■ジョセフ・クーデルカは社会主義時代のチェコスロバキアに生まれた写真家。不運だったのか、あるいは幸運だったのか、彼が写真家としてキャリア歩みだしたのは1960年代であり、チェコにおける彼のキャリアは1968年のチェコ事件によって終わることになる。チェコ事件を撮影した彼のフィルムは彼の写真家としての名前を広く世に知らしめることとなったが、同時に彼を亡命せざるを得ない立場へと追いやることにもなった。亡命生活の中で撮影された写真は「エグザイル」シリーズとして纏められる。90年代の東欧民主化後、彼はチェコに戻るが亡命時代の流浪の旅は相変わらず、行く先々で撮られた写真は「カオス」シリーズとして纏められる。
彼の写真にはどこか寂寥感が漂うのだけど、それは亡命後の「エグザイル」や「カオス」シリーズで顕著になっていくように思う。チェコ事件による60年代のプラハの春の終わりと、90年前後に東欧を襲った相次ぐ民主化の波と、彼は2回、大きな社会の変節点を見ている。その経験と亡命生活というアウトサイダー的な生活を続けた時期を持ったことが、彼の視線をどこか無常的なところへ持って行ったのではないだろうか。
「カオス」シリーズの中では古代ギリシアの遺跡と現代工業施設の無人の姿が並置される。そこに文明批評を読み取るのは簡単だけど、その視座は「現在」に対する距離を感じさせずにはいられない。それでいて荒廃した空気とはまた無縁であり、ニヒリズムともまた違うように感じる。やはり彼が置く視座は「無常観」なのではないかと思う。
面白かったのはとても横長の、パノラマ写真のようなフォーマットを使っていることで、その構図が映画のワンシーンを見ているような感覚を与えることでした。パノラマ写真の効果というのがそうしたところに現れるというのを知ったことも面白かったのですが、その写真を3つ組み合わせて一つの正方形の視野を作るとまた異なる印象を作れるということでした。組写真そのものは珍しくはないですが、ストライプを組み合わせることで1枚の作品のように見せられるというのは気づきませんでした。

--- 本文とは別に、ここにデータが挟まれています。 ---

(* Let $v\ge2$, $n\ge1$, $\epsilon>0$. Let $(Q,\hat P_n)$ and $(Q',\hat P_n')$ be block design schemes with parameters $(v,b,r,k,\lambda,\epsilon)$ and $(v,b',r',k',\lambda',\epsilon)$, respectively. Then the two schemes are marginally equivalent if and only if $k=k'$.
   Context: $\mathcal{X}=\{1,\dots,v\}$; $\Delta_v$ is the set of probability vectors on $\mathcal{X}$. For an incidence structure $(\mathcal{X},\mathcal{Y},\mathcal{I})$ ($\mathcal{I}\subset\mathcal{X}\times\mathcal{Y}$) write $\mathcal{I}_x=\{y:(x,y)\in\mathcal{I}\}$, $\mathcal{I}^y=\{x:(x,y)\in\mathcal{I}\}$. For integers $v>k>0$, $b>r>\lambda\ge0$, a $(v,b,r,k,\lambda)$-block design is an incidence structure with $|\mathcal{X}|=v$, $|\mathcal{Y}|=b$, $|\mathcal{I}_x|=r$ for all $x$, $|\mathcal{I}^y|=k$ for all $y$, $|\mathcal{I}_x\cap\mathcal{I}_{x'}|=\lambda$ for all $x\neq x'$. A block design scheme with parameters $(v,b,r,k,\lambda,\epsilon)$ consists of a $(v,b,r,k,\lambda)$-block design, the mechanism $Q(y|x)=\alpha e^\epsilon$ if $(x,y)\in\mathcal{I}$ and $\alpha$ otherwise, with $\alpha=1/(re^\epsilon+b-r)$, and the estimator $\hat P_{n,x}(Y_1,\dots,Y_n)=\frac{1}{(r-\lambda)(e^\epsilon-1)}\left(\frac{N_x}{n\alpha}-(\lambda e^\epsilon+r-\lambda)\right)$, $N_x=\sum_{i=1}^n\mathbb{1}(Y_i\in\mathcal{I}_x)$. Two schemes $(Q,\hat P_n)$, $(Q',\hat P_n')$ (mechanisms with inputs in $\mathcal{X}$) are marginally equivalent if, whenever $X_1,\dots,X_n$ are i.i.d. $\sim P$ and $Y_i\sim Q(\cdot|X_i)$, $Y_i'\sim Q'(\cdot|X_i)$, one has $\hat P_{n,x}(Y_1,\dots,Y_n)\overset{d}{=}\hat P'_{n,x}(Y_1',\dots,Y_n')$ for every $x\in\mathcal{X}$ and every $P\in\Delta_v$. *)

theory Defs
  imports "HOL-Probability.Probability"
begin
(* Let $A = \mathrm{diag}(a_1,\dots,a_n)$ with $a_i > 0$ and $\Sigma$ a diagonal positive semidefinite matrix. Consider the noisy quadratic model with stochastic loss $\hat L(x) = \frac{1}{2}(x - c)^T A (x - c)$, $c \sim \mathcal{N}(0,\Sigma)$, and SGD with learning rate $\gamma > 0$: $x \mapsto x - \gamma A(x - c)$, with a fresh independent sample $c$ (independent of everything else) at each step. Lookahead with inner optimizer SGD, $k \geq 1$ inner steps and step size $\alpha \in (0,1]$ is defined by: given slow weights $\phi_t$ (a random vector), set $\theta_{t,0} = \phi_t$, $\theta_{t,i} = \theta_{t,i-1} - \gamma A(\theta_{t,i-1} - c_{t,i})$ for $i = 1,\dots,k$, and $\phi_{t+1} = (1-\alpha)\phi_t + \alpha\,\theta_{t,k}$. Then, writing $\mathbb{V}[\cdot]$ for the diagonal matrix of coordinatewise variances, $$\mathbb{E}[\phi_{t+1}] = \big[(1-\alpha)I + \alpha(I - \gamma A)^k\big]\mathbb{E}[\phi_t],$$ $$\mathbb{V}[\phi_{t+1}] = \big[(1-\alpha)I + \alpha(I-\gamma A)^k\big]^2 \mathbb{V}[\phi_t] + \alpha^2 \sum_{i=0}^{k-1}(I - \gamma A)^{2i}\gamma^2 A^2 \Sigma.$$
   Context: All matrices involved are diagonal, so products and the formulas above act coordinatewise. *)

theory Defs
  imports "HOL-Probability.Probability"
begin

definition gauss1 :: "real \<Rightarrow> real measure" where
  "gauss1 s = (if s = 0 then return borel 0 else density lborel (normal_density 0 (sqrt s)))"

definition gauss_diag :: "('n::finite \<Rightarrow> real) \<Rightarrow> ('n \<Rightarrow> real) measure" where
  "gauss_diag \<sigma> = PiM UNIV (\<lambda>j. gauss1 (\<sigma> j))"

primrec la_inner :: "real \<Rightarrow> ('n \<Rightarrow> real) \<Rightarrow> (nat \<Rightarrow> 'a \<Rightarrow> 'n \<Rightarrow> real)
    \<Rightarrow> ('a \<Rightarrow> 'n \<Rightarrow> real) \<Rightarrow> nat \<Rightarrow> 'a \<Rightarrow> 'n \<Rightarrow> real" where
  "la_inner \<gamma> a c \<phi> 0 = \<phi>"
| "la_inner \<gamma> a c \<phi> (Suc i) = (\<lambda>\<omega> j. la_inner \<gamma> a c \<phi> i \<omega> j
      - \<gamma> * a j * (la_inner \<gamma> a c \<phi> i \<omega> j - c (Suc i) \<omega> j))"

definition la_step :: "real \<Rightarrow> real \<Rightarrow> ('n \<Rightarrow> real) \<Rightarrow> (nat \<Rightarrow> 'a \<Rightarrow> 'n \<Rightarrow> real)
    \<Rightarrow> ('a \<Rightarrow> 'n \<Rightarrow> real) \<Rightarrow> nat \<Rightarrow> 'a \<Rightarrow> 'n \<Rightarrow> real" where
  "la_step \<alpha> \<gamma> a c \<phi> k = (\<lambda>\<omega> j. (1 - \<alpha>) * \<phi> \<omega> j + \<alpha> * la_inner \<gamma> a c \<phi> k \<omega> j)"

end

theory Submission
  imports Defs
begin

text \<open>
  In each coordinate the inner SGD loop is affine in the slow weight and the noise samples:
  with b = 1 - \<gamma> a one has \<theta>_k = b^k \<phi> + \<Sum>_m b^(k-m) \<gamma> a c_m, hence
  \<phi>' = (1 - \<alpha> + \<alpha> b^k) \<phi> + \<Sum>_m \<alpha> b^(k-m) \<gamma> a c_m.
  The noise terms are centred with variance \<sigma>, independent of \<phi> and of each other, so the
  mean is multiplied by 1 - \<alpha> + \<alpha> b^k and, by Bienayme's identity, the variances add up
  with the squared weights.
\<close>

lemma prob_space_gauss1: "s \<ge> 0 \<Longrightarrow> prob_space (gauss1 s)"
  unfolding gauss1_def by (auto intro!: prob_space_return prob_space_normal_density)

もう一つは絞り開放で撮った極端なピンボケ写真で、その中で人の姿は光の中に溶けた抽象的な影となってしまう。そうした映像表現はCMなどで目にしたことはあったのですが、その技術や視覚効果そのものは60年代にはすでに知られていたということも発見でした。初期の作品はスタイリッシュな作品が多く、その後のチェコ事件が無かったら、どういうスタイルの写真家になっていたか想像することも面白かったです。